(* Otherwise exchanging p fixed points with one cycle of B gives a second invariant partition. *)
lemma block_in_cycles_if_fixed_block:
  assumes F: "fixed_points g {1..n} \<in> \<Gamma>" and B: "B \<in> \<Gamma>" "B \<noteq> fixed_points g {1..n}"
  shows "B \<in> cycles_of g {1..n}"
proof (rule ccontr)
  assume B_not_cycle: "B \<notin> cycles_of g {1..n}"
  let ?F = "fixed_points g {1..n}"
  have disj: "B \<inter> ?F = {}" using \<Gamma>.block_eq[OF B(1) F] B(2) by blast
  obtain x where x: "x \<in> B" by (rule \<Gamma>.block_nonempty[OF B(1)])
  have "x \<in> {1..n}" using x \<Gamma>.block_subset[OF B(1)] by blast
  then have xS: "x \<in> {1..n}" "g x \<noteq> x" using x disj unfolding fixed_points_def by blast+
  let ?D = "orbit g x"
  have D_sub: "?D \<subseteq> B" using orbit_subset_block[OF B(1) x] .
  then have "?D \<subset> B" using B_not_cycle orbit_in_cycles_of[OF xS] by blast
  then have "card ?D < card B" by (rule psubset_card_mono[OF \<Gamma>.finite_block[OF B(1)]])
  then have "p < k" using card_orbit[OF xS(2)] \<Gamma>.card_block[OF B(1)] by simp
  then have "p \<le> card ?F" using \<Gamma>.card_block[OF F] by simp
  then obtain P where P: "P \<subseteq> ?F" "card P = p" "finite P" by (rule obtain_subset_with_card_n)
  have "g ` P = P" using P(1) by (intro image_eq_self_if_fixed) (auto simp: fixed_points_def)
  moreover have "card P = card ?D" using P(2) card_orbit[OF xS(2)] by simp
  ultimately obtain c where c: "c ` ?F = (?F - P) \<union> ?D" "set_act c \<Gamma> = \<Gamma>"
    using exchange_invariant_subsets[OF F B(1) B(2)[symmetric] P(1) D_sub _ image_orbit] by blast
  then have "c ` ?F \<in> \<Gamma>" using F unfolding set_act_def by blast
  moreover have "x \<in> c ` ?F" using c(1) self_in_orbit by blast
  ultimately have "c ` ?F = B" using \<Gamma>.block_eq[OF _ B(1) _ x] by blast
  moreover have "\<not> ?F \<subseteq> P"
  proof
    assume "?F \<subseteq> P"
    then have "card ?F \<le> card P" using P(3) by (rule card_mono[rotated])
    then show False using P(2) \<open>p < k\<close> \<Gamma>.card_block[OF F] by simp
  qed
  ultimately show False using c(1) disj by blast
qed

------------------------------------------------------------------------

§ **TASK REQUIREMENTS**
The data must be retyped in full, exactly as it reads.

§ **ANSWER SPACE**
(* Otherwise exchanging p fixed points with one cycle of B gives a second invariant partition. *)
lemma block_in_cycles_if_fixed_block:
  assumes F: "fixed_points g {1..n} \<in> \<Gamma>" and B: "B \<in> \<Gamma>" "B \<noteq> fixed_points g {1..n}"
  shows "B \<in> cycles_of g {1..n}"
proof (rule ccontr)
  assume B_not_cycle: "B \<notin> cycles_of g {1..n}"
  let ?F = "fixed_points g {1..n}"
  have disj: "B \<inter> ?F = {}" using \<Gamma>.block_eq[OF B(1) F] B(2) by blast
  obtain x where x: "x \<in> B" by (rule \<Gamma>.block_nonempty[OF B(1)])
  have "x \<in> {1..n}" using x \<Gamma>.block_subset[OF B(1)] by blast
  then have xS: "x \<in> {1..n}" "g x \<noteq> x" using x disj unfolding fixed_points_def by blast+
  let ?D = "orbit g x"
  have D_sub: "?D \<subseteq> B" using orbit_subset_block[OF B(1) x] .
  then have "?D \<subset> B" using B_not_cycle orbit_in_cycles_of[OF xS] by blast
  then have "card ?D < card B" by (rule psubset_card_mono[OF \<Gamma>.finite_block[OF B(1)]])
  then have "p < k" using card_orbit[OF xS(2)] \<Gamma>.card_block[OF B(1)] by simp
  then have "p \<le> card ?F" using \<Gamma>.card_block[OF F] by simp
  then obtain P where P: "P \<subseteq> ?F" "card P = p" "finite P" by (rule obtain_subset_with_card_n)
  have "g ` P = P" using P(1) by (intro image_eq_self_if_fixed) (auto simp: fixed_points_def)
  moreover have "card P = card ?D" using P(2) card_orbit[OF xS(2)] by simp
  ultimately obtain c where c: "c ` ?F = (?F - P) \<union> ?D" "set_act c \<Gamma> = \<Gamma>"
    using exchange_invariant_subsets[OF F B(1) B(2)[symmetric] P(1) D_sub _ image_orbit] by blast
  then have "c ` ?F \<in> \<Gamma>" using F unfolding set_act_def by blast
  moreover have "x \<in> c ` ?F" using c(1) self_in_orbit by blast
  ultimately have "c ` ?F = B" using \<Gamma>.block_eq[OF _ B(1) _ x] by blast
  moreover have "\<not> ?F \<subseteq> P"
  proof
    assume "?F \<subseteq> P"
    then have "card ?F \<le> card P" using P(3) by (rule card_mono[rotated])
    then show False using P(2) \<open>p < k\<close> \<Gamma>.card_block[OF F] by simp
  qed
  ultimately show False using c(1) disj by blast
qed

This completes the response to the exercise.